The word "real" marks the lines to find; copy every such line from the data below.

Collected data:
# # #
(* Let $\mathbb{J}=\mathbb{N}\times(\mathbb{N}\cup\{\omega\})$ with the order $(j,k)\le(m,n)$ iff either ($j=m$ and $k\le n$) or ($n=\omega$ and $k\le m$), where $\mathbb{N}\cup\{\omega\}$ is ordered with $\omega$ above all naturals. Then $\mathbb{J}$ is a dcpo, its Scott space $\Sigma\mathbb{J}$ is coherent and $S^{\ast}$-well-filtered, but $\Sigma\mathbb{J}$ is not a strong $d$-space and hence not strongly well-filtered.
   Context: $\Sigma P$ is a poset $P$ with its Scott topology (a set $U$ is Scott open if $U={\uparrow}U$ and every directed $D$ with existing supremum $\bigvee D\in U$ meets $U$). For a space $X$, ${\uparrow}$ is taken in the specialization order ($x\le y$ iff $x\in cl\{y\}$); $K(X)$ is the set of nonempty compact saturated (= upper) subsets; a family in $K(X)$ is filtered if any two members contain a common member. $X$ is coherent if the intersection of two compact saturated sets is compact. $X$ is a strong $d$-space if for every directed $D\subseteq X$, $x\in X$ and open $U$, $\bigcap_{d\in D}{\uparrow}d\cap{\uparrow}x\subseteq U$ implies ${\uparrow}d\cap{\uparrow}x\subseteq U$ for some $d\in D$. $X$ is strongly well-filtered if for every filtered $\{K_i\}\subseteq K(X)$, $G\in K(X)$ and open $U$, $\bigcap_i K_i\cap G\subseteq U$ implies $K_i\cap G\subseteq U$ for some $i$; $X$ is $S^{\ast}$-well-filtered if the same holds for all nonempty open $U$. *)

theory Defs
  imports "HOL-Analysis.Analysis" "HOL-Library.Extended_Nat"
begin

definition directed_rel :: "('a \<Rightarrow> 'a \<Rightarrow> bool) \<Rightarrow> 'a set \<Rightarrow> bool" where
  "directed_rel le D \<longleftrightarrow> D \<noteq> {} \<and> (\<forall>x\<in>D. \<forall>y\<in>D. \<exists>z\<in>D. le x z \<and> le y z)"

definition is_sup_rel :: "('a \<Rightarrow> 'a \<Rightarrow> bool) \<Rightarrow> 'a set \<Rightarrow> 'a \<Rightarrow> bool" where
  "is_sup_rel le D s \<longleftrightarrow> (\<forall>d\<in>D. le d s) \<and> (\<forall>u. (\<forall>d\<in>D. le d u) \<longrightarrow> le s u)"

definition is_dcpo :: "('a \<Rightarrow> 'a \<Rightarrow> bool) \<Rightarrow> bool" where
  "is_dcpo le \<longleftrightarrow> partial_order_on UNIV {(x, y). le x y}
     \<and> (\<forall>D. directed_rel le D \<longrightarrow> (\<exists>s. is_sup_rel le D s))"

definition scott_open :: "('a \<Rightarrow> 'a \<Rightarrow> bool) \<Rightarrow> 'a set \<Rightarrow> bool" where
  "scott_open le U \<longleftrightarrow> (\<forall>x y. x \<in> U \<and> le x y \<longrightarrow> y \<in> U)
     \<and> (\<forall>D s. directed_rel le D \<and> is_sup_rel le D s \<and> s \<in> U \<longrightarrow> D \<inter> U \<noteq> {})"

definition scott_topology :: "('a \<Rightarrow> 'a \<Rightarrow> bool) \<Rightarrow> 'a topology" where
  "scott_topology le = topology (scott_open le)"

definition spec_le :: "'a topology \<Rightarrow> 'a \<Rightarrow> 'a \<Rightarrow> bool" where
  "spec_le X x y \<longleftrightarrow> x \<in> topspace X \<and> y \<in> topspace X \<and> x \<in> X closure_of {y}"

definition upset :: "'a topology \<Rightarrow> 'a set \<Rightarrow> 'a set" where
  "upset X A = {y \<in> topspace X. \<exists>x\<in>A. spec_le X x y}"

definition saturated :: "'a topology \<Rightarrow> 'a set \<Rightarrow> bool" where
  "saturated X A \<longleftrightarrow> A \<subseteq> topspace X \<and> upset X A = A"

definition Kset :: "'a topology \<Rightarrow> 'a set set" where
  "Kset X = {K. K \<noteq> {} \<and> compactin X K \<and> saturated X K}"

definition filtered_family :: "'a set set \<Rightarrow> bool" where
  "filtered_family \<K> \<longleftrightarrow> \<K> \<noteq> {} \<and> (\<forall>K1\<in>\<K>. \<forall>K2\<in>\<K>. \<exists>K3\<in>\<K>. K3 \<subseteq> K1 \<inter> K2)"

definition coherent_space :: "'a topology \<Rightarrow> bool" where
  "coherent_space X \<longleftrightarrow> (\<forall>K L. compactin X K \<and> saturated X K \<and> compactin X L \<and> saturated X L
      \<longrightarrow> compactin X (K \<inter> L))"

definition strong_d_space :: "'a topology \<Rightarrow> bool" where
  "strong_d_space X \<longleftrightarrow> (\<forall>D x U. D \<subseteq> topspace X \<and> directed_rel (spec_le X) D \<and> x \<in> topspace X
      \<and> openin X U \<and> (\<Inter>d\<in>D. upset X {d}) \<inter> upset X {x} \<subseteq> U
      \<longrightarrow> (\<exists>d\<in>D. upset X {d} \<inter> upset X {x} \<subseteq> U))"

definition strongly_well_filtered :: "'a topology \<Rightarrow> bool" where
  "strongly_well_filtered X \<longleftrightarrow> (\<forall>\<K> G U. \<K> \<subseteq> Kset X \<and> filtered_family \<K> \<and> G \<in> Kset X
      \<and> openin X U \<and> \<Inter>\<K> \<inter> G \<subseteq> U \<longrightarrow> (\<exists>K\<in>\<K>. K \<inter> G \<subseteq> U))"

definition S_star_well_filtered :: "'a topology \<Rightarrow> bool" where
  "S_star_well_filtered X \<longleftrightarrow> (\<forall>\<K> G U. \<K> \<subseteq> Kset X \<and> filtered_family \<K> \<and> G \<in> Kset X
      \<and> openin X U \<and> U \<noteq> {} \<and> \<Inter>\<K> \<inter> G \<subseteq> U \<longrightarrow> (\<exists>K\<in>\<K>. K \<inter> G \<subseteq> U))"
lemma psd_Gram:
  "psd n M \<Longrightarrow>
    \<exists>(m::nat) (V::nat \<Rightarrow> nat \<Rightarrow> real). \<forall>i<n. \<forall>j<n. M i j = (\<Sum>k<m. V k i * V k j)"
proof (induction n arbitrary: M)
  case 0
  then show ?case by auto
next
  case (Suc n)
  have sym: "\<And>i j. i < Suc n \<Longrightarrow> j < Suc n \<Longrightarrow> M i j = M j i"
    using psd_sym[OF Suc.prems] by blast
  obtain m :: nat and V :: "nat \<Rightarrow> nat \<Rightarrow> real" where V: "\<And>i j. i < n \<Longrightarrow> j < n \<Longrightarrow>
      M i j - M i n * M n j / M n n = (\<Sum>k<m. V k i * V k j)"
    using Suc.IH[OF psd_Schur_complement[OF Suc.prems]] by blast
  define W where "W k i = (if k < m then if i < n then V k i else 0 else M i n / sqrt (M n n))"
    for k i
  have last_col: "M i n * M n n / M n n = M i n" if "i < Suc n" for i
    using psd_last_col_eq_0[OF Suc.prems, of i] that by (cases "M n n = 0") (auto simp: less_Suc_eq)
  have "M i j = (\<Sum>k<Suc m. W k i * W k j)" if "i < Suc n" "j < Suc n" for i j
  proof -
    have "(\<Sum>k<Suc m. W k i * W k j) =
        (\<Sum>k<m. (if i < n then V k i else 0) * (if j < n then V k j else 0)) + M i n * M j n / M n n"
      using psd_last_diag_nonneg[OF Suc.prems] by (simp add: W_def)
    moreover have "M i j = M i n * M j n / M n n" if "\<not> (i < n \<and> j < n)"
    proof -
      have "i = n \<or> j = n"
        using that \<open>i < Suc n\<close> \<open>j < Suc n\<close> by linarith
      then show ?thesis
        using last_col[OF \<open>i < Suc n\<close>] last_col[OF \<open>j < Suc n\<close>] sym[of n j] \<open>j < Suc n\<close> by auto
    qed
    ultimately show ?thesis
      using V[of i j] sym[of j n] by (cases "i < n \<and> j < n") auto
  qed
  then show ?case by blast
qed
# # #
*SOLVED EXERCISE:*
    \<exists>(m::nat) (V::nat \<Rightarrow> nat \<Rightarrow> real). \<forall>i<n. \<forall>j<n. M i j = (\<Sum>k<m. V k i * V k j)"
  obtain m :: nat and V :: "nat \<Rightarrow> nat \<Rightarrow> real" where V: "\<And>i j. i < n \<Longrightarrow> j < n \<Longrightarrow>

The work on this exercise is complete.